§ THE TASK:
Tally every line in the listing that holds the string "metis", then state the total and nothing more.
[SUPPLIED RECORDS Boundary: Start]
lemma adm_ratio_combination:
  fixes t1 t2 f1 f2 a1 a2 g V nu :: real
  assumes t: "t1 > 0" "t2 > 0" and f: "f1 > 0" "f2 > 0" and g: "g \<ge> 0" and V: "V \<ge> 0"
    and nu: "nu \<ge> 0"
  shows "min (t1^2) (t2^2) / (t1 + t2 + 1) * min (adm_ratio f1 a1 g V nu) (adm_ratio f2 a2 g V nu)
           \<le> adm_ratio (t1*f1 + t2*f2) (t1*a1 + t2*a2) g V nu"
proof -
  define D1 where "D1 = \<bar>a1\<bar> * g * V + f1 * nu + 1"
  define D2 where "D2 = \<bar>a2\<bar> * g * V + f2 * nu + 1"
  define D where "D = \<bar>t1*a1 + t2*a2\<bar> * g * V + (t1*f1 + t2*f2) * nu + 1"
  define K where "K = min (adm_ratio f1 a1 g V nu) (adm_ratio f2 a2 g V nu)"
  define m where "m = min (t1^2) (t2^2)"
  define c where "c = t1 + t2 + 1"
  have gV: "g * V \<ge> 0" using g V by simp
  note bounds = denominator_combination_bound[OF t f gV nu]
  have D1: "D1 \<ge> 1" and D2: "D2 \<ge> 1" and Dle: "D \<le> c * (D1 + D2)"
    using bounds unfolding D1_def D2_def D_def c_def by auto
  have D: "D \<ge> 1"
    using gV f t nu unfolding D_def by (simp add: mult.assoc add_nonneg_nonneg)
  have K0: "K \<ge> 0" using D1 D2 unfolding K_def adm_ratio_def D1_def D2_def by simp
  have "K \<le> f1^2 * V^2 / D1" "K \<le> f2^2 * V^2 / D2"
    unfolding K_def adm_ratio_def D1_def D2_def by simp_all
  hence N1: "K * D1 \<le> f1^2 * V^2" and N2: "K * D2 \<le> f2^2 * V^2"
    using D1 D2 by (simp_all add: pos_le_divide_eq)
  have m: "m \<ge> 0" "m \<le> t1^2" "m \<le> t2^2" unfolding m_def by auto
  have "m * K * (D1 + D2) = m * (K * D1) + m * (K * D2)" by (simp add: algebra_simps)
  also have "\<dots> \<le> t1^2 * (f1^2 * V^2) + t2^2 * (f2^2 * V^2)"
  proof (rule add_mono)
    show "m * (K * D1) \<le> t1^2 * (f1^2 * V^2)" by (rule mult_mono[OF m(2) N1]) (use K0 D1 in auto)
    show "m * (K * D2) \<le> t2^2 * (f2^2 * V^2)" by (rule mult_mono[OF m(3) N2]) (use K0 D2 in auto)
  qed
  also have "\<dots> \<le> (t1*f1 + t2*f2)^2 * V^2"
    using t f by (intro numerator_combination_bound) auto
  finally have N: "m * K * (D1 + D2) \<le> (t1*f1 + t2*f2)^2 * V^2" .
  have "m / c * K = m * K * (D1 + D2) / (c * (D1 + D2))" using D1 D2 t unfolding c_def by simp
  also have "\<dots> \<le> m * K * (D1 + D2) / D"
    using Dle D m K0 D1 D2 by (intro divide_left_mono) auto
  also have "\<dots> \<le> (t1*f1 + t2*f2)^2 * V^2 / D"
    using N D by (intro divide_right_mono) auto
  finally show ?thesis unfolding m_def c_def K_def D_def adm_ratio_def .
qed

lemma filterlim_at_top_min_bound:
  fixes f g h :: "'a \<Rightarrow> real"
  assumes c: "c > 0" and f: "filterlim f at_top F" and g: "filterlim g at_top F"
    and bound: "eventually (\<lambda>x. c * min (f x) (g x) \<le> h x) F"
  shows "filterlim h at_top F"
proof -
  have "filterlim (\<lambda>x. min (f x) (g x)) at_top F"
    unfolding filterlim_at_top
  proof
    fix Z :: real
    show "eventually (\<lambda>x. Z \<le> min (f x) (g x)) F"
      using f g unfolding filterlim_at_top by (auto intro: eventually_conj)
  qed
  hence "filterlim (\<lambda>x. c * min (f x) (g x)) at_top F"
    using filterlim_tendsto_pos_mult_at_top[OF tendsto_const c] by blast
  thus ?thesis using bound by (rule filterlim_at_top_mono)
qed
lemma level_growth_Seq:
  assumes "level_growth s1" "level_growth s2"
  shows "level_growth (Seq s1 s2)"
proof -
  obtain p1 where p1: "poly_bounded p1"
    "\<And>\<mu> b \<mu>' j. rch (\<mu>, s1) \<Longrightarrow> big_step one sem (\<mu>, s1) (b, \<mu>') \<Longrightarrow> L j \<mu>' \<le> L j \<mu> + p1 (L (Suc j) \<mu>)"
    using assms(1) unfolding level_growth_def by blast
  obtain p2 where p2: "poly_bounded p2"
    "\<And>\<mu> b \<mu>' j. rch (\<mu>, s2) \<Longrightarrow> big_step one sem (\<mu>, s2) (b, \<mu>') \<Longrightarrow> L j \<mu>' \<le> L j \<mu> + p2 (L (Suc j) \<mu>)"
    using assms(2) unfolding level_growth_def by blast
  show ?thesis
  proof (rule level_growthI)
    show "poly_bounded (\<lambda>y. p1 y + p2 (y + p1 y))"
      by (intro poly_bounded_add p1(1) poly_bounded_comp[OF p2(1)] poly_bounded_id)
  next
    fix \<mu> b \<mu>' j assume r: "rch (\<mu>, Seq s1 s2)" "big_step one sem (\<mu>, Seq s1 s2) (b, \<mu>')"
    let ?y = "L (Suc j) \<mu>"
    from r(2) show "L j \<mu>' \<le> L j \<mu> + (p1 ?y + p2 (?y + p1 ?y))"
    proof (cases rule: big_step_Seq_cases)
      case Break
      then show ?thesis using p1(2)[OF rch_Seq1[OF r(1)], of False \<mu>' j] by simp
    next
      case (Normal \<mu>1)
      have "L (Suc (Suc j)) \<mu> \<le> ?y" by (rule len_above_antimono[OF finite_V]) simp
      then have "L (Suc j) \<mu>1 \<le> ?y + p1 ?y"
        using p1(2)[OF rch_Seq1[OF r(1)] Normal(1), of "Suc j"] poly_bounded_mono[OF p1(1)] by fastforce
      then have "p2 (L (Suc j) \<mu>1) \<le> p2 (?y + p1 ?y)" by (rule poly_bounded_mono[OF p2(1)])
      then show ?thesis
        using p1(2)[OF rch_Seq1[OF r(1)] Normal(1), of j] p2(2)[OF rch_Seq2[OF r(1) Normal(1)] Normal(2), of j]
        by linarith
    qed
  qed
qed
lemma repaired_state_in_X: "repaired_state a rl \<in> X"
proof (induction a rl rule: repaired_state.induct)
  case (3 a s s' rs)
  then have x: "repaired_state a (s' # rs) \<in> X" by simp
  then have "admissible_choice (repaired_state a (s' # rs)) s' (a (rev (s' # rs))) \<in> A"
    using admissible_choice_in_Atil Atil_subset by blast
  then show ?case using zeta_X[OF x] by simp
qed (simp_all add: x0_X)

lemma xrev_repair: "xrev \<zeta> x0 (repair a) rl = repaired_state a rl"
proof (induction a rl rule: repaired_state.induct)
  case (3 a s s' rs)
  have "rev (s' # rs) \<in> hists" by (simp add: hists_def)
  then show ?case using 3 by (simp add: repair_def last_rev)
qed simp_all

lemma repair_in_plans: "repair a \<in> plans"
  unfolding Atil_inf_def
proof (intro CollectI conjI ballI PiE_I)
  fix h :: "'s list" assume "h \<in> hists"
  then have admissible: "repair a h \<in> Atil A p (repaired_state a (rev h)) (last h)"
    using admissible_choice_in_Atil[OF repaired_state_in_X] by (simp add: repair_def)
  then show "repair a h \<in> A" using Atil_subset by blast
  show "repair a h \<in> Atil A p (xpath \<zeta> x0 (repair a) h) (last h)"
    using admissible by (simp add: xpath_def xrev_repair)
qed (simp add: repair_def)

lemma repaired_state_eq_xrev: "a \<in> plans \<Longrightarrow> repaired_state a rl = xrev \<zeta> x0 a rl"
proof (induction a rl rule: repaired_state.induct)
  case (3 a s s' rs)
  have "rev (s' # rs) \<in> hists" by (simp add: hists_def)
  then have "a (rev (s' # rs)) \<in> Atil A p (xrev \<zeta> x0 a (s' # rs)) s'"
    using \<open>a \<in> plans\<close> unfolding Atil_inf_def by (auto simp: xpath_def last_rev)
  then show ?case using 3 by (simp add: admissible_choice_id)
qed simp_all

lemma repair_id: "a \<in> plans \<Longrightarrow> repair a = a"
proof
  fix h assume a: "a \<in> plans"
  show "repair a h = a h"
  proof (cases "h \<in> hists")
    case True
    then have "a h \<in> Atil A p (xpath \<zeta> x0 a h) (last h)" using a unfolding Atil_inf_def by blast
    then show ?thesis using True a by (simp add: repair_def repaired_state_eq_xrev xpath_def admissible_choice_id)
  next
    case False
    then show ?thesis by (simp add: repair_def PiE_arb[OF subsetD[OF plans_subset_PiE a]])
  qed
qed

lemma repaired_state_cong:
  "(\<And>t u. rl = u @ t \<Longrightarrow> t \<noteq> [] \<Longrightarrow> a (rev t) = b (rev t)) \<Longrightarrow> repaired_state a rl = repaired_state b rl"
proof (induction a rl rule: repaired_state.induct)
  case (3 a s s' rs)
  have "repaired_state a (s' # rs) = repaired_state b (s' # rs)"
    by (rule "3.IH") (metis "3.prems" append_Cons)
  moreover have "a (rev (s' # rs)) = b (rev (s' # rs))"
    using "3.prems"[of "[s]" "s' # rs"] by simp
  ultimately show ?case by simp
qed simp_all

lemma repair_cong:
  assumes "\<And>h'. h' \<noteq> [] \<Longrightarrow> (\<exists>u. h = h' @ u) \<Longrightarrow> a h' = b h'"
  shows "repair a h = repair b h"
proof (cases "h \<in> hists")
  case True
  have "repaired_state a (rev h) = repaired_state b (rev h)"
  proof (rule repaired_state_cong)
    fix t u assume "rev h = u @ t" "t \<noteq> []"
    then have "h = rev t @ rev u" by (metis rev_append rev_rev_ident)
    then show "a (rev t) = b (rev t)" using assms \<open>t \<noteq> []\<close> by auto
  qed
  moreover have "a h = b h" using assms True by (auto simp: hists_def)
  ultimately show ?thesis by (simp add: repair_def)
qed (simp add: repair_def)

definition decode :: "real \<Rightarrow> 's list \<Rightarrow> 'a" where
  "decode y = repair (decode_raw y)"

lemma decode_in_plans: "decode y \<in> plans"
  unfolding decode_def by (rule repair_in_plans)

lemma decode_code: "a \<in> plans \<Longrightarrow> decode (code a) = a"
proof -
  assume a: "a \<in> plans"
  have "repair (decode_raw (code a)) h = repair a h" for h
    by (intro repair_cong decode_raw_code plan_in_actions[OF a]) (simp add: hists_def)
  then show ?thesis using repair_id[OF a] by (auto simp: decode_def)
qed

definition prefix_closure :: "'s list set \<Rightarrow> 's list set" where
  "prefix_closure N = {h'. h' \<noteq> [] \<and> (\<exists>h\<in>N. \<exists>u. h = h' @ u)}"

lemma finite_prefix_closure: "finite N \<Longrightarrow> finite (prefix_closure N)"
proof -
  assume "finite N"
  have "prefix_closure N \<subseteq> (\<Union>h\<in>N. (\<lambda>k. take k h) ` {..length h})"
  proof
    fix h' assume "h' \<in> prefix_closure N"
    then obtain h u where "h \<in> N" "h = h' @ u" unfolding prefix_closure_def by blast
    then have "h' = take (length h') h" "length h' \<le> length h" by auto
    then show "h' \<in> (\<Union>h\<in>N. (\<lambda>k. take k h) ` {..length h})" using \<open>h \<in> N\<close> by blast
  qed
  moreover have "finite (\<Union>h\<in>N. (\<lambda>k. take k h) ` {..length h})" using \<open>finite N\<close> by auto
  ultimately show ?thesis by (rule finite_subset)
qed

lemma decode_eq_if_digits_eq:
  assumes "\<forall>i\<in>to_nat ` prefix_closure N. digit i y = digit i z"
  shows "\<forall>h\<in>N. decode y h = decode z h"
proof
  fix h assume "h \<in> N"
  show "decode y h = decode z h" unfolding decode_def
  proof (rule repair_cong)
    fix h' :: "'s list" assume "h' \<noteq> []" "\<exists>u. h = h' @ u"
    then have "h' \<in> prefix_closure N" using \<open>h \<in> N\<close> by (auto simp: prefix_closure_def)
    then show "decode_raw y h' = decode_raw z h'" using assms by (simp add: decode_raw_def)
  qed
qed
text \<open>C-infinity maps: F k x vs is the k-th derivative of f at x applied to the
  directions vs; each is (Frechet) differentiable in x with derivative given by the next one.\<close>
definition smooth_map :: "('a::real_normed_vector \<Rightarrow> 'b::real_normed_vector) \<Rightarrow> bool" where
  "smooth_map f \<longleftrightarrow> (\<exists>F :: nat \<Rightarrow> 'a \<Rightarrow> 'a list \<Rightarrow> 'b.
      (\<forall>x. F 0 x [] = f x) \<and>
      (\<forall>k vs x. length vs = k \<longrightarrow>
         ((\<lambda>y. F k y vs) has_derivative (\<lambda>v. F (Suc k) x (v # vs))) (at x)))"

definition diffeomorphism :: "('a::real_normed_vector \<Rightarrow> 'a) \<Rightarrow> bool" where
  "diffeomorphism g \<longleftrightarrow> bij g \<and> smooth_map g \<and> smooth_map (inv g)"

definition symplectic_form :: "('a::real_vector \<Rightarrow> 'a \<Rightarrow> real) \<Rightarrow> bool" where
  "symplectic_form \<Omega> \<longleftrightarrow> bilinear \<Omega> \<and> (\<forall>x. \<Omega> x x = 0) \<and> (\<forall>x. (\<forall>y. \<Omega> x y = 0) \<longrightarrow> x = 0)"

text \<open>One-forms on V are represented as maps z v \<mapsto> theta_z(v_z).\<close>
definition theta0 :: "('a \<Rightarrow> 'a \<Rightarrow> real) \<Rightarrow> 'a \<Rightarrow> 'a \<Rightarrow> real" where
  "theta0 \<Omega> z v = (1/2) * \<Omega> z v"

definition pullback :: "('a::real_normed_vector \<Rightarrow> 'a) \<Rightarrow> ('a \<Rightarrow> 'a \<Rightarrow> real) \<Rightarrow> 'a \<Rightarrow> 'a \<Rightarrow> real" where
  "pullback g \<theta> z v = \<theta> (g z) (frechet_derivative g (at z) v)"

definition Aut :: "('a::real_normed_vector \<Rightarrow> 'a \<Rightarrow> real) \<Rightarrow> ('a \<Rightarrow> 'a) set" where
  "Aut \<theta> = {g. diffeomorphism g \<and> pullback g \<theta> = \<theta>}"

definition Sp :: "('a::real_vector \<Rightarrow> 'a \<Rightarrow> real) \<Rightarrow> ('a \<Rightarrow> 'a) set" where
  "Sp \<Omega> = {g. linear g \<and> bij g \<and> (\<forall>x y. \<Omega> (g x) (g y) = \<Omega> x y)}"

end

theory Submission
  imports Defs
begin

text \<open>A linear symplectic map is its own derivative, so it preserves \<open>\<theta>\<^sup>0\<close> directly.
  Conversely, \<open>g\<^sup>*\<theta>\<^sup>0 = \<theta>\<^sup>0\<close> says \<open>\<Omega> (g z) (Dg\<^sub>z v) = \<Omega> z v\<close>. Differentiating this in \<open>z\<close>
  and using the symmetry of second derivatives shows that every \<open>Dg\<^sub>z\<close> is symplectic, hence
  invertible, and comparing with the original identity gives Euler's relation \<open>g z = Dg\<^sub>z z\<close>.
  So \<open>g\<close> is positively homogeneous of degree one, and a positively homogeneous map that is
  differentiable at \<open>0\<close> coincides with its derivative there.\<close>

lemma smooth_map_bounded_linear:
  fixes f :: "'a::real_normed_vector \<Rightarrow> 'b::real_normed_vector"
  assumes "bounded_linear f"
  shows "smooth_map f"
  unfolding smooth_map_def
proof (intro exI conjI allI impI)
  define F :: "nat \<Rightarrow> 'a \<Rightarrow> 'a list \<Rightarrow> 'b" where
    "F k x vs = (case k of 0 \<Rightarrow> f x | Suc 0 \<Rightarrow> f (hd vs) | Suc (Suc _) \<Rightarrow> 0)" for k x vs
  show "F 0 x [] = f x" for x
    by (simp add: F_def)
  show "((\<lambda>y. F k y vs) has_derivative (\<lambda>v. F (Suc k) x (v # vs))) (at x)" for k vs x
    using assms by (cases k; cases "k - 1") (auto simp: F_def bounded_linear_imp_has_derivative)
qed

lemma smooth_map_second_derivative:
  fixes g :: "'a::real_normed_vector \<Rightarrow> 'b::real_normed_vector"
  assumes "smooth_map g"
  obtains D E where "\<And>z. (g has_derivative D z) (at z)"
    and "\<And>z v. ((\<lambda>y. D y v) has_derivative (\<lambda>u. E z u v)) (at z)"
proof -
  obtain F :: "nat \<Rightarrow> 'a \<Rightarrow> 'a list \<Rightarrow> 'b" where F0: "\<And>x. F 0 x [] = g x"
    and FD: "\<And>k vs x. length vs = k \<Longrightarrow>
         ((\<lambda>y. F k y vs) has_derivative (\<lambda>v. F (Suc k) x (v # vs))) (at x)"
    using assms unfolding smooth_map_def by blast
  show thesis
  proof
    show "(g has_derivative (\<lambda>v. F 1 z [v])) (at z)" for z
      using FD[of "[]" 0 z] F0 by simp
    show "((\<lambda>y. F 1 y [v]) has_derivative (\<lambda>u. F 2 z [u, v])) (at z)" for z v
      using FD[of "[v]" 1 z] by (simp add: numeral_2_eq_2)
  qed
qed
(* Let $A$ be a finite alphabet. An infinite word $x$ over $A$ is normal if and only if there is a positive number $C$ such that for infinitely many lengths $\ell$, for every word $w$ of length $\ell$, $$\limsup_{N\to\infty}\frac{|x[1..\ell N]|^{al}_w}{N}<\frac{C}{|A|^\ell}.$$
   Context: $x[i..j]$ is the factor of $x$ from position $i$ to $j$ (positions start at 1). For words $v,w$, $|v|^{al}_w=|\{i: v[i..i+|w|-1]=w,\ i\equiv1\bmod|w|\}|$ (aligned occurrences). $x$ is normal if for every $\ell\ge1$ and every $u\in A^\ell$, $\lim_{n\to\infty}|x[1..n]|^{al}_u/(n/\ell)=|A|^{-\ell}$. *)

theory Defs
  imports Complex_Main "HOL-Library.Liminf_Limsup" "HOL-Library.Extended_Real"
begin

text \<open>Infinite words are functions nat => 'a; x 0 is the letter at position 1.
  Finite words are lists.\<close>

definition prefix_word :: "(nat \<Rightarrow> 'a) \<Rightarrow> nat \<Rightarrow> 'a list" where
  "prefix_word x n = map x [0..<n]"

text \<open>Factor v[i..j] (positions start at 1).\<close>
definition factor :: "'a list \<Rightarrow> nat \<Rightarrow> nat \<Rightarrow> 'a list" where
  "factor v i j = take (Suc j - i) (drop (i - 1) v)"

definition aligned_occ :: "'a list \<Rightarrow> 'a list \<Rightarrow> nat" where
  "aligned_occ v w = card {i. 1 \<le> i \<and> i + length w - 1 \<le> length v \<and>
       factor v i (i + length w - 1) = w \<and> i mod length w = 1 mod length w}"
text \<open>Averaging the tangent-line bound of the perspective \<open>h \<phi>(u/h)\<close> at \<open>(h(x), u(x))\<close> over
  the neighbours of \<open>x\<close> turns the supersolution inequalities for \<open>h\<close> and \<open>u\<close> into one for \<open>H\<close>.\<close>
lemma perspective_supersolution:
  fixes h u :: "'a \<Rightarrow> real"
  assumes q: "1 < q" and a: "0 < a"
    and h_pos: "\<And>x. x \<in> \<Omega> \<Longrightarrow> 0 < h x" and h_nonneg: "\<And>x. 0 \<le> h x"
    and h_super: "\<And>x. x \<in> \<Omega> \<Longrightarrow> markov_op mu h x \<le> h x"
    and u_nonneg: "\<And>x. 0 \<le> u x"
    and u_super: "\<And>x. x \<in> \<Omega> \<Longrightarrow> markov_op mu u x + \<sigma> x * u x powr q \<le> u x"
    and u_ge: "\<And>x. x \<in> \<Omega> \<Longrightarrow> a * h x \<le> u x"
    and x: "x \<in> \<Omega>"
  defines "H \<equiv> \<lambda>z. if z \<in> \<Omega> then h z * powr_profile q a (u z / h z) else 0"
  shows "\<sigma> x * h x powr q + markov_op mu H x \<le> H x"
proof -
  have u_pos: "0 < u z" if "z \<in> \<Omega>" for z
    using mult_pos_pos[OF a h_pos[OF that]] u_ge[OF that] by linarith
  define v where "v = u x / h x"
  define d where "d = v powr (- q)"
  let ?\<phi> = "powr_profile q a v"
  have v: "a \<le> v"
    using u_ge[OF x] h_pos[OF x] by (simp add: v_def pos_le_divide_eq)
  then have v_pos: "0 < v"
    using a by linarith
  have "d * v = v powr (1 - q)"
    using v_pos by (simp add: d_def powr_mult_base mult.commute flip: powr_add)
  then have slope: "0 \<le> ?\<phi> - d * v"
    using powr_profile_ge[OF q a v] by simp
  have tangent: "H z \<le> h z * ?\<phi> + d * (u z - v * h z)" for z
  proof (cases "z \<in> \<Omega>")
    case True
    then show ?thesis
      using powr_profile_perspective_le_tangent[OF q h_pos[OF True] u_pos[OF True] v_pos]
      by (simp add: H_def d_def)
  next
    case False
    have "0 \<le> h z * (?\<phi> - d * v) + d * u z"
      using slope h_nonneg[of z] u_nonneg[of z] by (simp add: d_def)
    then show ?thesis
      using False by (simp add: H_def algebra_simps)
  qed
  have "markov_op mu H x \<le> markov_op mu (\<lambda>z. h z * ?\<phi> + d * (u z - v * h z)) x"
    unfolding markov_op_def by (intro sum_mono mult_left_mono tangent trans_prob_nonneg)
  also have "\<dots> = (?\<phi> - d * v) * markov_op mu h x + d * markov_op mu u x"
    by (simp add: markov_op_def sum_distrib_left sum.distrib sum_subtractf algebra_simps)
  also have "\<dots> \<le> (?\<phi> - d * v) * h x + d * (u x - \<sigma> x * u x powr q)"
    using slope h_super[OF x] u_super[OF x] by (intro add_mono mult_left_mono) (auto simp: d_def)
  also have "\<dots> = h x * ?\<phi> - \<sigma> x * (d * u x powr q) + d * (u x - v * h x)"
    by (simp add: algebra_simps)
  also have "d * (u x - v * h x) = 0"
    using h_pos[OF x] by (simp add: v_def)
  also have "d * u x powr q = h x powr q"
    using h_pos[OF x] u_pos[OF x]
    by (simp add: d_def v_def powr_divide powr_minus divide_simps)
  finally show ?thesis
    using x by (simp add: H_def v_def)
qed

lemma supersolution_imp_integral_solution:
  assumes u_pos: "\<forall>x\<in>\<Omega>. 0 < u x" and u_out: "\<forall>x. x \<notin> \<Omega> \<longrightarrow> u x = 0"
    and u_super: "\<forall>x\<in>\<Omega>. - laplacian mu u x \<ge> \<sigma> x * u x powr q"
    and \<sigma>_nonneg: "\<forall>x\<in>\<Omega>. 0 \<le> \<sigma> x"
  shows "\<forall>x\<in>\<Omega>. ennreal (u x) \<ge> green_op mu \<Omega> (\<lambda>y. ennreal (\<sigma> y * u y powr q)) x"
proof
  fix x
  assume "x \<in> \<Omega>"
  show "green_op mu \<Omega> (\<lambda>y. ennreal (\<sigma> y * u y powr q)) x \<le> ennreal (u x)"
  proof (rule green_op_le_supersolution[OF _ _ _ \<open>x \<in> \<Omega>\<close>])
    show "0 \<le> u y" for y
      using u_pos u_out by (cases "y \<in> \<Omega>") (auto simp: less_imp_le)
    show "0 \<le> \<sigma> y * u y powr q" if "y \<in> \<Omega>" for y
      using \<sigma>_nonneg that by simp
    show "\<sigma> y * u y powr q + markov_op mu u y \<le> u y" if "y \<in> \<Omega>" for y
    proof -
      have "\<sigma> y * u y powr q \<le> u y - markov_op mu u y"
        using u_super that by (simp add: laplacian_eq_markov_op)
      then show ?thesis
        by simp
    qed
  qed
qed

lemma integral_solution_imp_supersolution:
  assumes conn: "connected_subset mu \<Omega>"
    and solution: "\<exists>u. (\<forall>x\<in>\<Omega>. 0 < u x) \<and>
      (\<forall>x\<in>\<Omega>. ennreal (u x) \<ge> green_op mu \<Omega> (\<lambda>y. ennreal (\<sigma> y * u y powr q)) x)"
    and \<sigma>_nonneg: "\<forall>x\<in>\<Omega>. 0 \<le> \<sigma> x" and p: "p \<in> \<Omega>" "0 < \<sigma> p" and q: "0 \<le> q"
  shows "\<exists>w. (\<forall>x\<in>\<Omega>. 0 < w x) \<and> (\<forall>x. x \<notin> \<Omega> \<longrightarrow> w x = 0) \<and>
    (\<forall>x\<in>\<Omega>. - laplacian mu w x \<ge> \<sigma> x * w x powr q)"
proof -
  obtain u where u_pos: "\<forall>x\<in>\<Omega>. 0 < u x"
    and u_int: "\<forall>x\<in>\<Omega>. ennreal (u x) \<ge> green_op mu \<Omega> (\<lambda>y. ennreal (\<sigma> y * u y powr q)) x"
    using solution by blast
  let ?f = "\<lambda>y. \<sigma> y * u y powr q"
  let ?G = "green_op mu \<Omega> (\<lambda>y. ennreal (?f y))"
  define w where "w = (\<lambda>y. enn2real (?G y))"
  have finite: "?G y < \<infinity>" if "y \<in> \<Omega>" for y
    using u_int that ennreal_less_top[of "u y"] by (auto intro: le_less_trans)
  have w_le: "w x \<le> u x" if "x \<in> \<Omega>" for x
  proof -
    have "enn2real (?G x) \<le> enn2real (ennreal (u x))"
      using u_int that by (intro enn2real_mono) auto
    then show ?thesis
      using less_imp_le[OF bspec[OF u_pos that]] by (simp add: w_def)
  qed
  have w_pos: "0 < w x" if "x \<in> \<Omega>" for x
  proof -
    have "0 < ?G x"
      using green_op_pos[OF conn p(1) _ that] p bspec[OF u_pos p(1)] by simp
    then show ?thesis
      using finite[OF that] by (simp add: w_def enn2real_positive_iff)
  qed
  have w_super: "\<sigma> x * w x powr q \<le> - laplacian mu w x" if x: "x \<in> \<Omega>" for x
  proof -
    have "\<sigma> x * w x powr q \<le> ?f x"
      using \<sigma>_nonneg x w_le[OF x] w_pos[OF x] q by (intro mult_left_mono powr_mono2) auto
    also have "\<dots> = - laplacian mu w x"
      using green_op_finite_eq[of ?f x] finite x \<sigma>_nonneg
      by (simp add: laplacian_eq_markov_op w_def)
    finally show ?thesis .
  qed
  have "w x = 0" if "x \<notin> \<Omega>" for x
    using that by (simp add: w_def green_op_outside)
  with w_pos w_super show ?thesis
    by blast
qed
[SUPPLIED RECORDS Boundary: End]
§ EXERCISE RESPONSE:
2